Turn 1:  user message         ─┐
Turn 2:  read_file → result    │  Summarized → "Previously: read config,
Turn 3:  edit_file → result    │               edited database settings,
Turn 4:  run_tests → result   ─┘               tests passed"
Turn 5:  user follow-up       ← kept as-is
Turn 6:  read_file → result   ← kept as-is

Enter fullscreen mode Exit fullscreen mode

Some agents compact proactively (before hitting the limit), others reactively (after getting a "context too long" error from the API). The best do both.

Doom loop detection

Sometimes the model gets stuck. It calls the same tool with the same arguments, gets the same error, and tries again. And again.

Agents detect this by hashing recent tool call signatures and checking for repetition. If the same pattern shows up three or more times, the agent injects a warning: "You appear to be repeating the same action. Try a different approach."

If the model still can't break out, circuit breakers kick in. Hard limits on turns per request, errors per tool, or total API calls.

Permissions: the human in the loop

Reading a file is safe. Running rm -rf / is not. So agents classify tools by risk:

  • Allow — execute immediately (read files, search code)
  • Ask — pause and get user approval (shell commands, file writes)
  • Deny — never execute (destructive operations)

When a tool requires approval, the loop pauses. It sends a permission request to the UI, waits for the user's response, then proceeds. The loop doesn't break. It just waits. This is another large concept on its own, but I've tried to simplify it here.

What I'm taking from this

The whole reason I went down this rabbit hole was to become more productive with these tools. Understanding the internals, even at this level, changed how I use them day to day.

I write better prompts now. Knowing the model only sees what's in its context window changed how I talk to agents. I front-load the important stuff: file paths, expected behavior, constraints. I stopped assuming the agent "knows" things about my project that I didn't explicitly tell it.

I structure my repos to be agent-friendly too. Clear file names, good READMEs, co-located tests. If the agent is going to read my codebase one file at a time through tool calls, I want each file to make sense on its own. The easier it is for a human to navigate, the easier it is for an agent.

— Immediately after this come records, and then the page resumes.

lemma controlled_snoc:
  assumes ne: "ps \<noteq> []" and w: "m u s = Some w"
    and last: "extendable ps (lamA l) \<Longrightarrow> s \<in> continuations u (lab ps) (lamA l)"
    and tails: "\<And>b. b \<in> F \<Longrightarrow> extendable ps (j (lamA l) b) \<Longrightarrow>
      {t. \<exists>v. m s t = Some v \<and> v \<in> continuations u (lab ps) (j (lamA l) b)} \<in> g b"
  shows "controlled (ps @ [(n, l)]) w"
proof -
  have lab_snoc: "lab (ps @ [(n, l)]) = j (lab ps) (lamA l)" using label_prod_snoc[OF A_assoc ne] .
  have "w \<in> C (j (lab ps) (lamA l))" if "admissible (ps @ [(n, l)])"
    using last[OF admissible_snoc_extendable[OF that]] w unfolding continuations_def by auto
  moreover have "continuations w (j (lab ps) (lamA l)) b \<in> g b" if "extendable (ps @ [(n, l)]) b" for b
  proof -
    have "b \<in> F" "extendable ps (j (lamA l) b)"
      using that extendable_snoc unfolding extendable_def by blast+
    then show ?thesis
      using tails continuations_shift[OF w] g_ultrafilter by (blast intro: ultrafilter_on_mono)
  qed
  ultimately show ?thesis unfolding controlled_def lab_snoc by blast
qed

I understand why agents fail now. When one spirals or repeats itself, I don't just retry and hope. I know it's probably a context problem, either the history got too long and the model lost track, or the information it needs was never there to begin with. That makes debugging way faster.

And I don't trust them blindly. They're not reasoning about my system. They're generating the most likely next token given what they've seen. That's powerful, but it means they can be confidently wrong. I review everything, especially code I don't fully understand yet.

Wrapping up

Coding agents aren't magic. They're a while loop, an LLM call, and a set of tools. The impressive part is that this simple pattern, with good engineering around it, actually works.

Understanding that changed how I work with them. I give better context, I know when to trust them and when not to, and when they fail I have a mental model for why.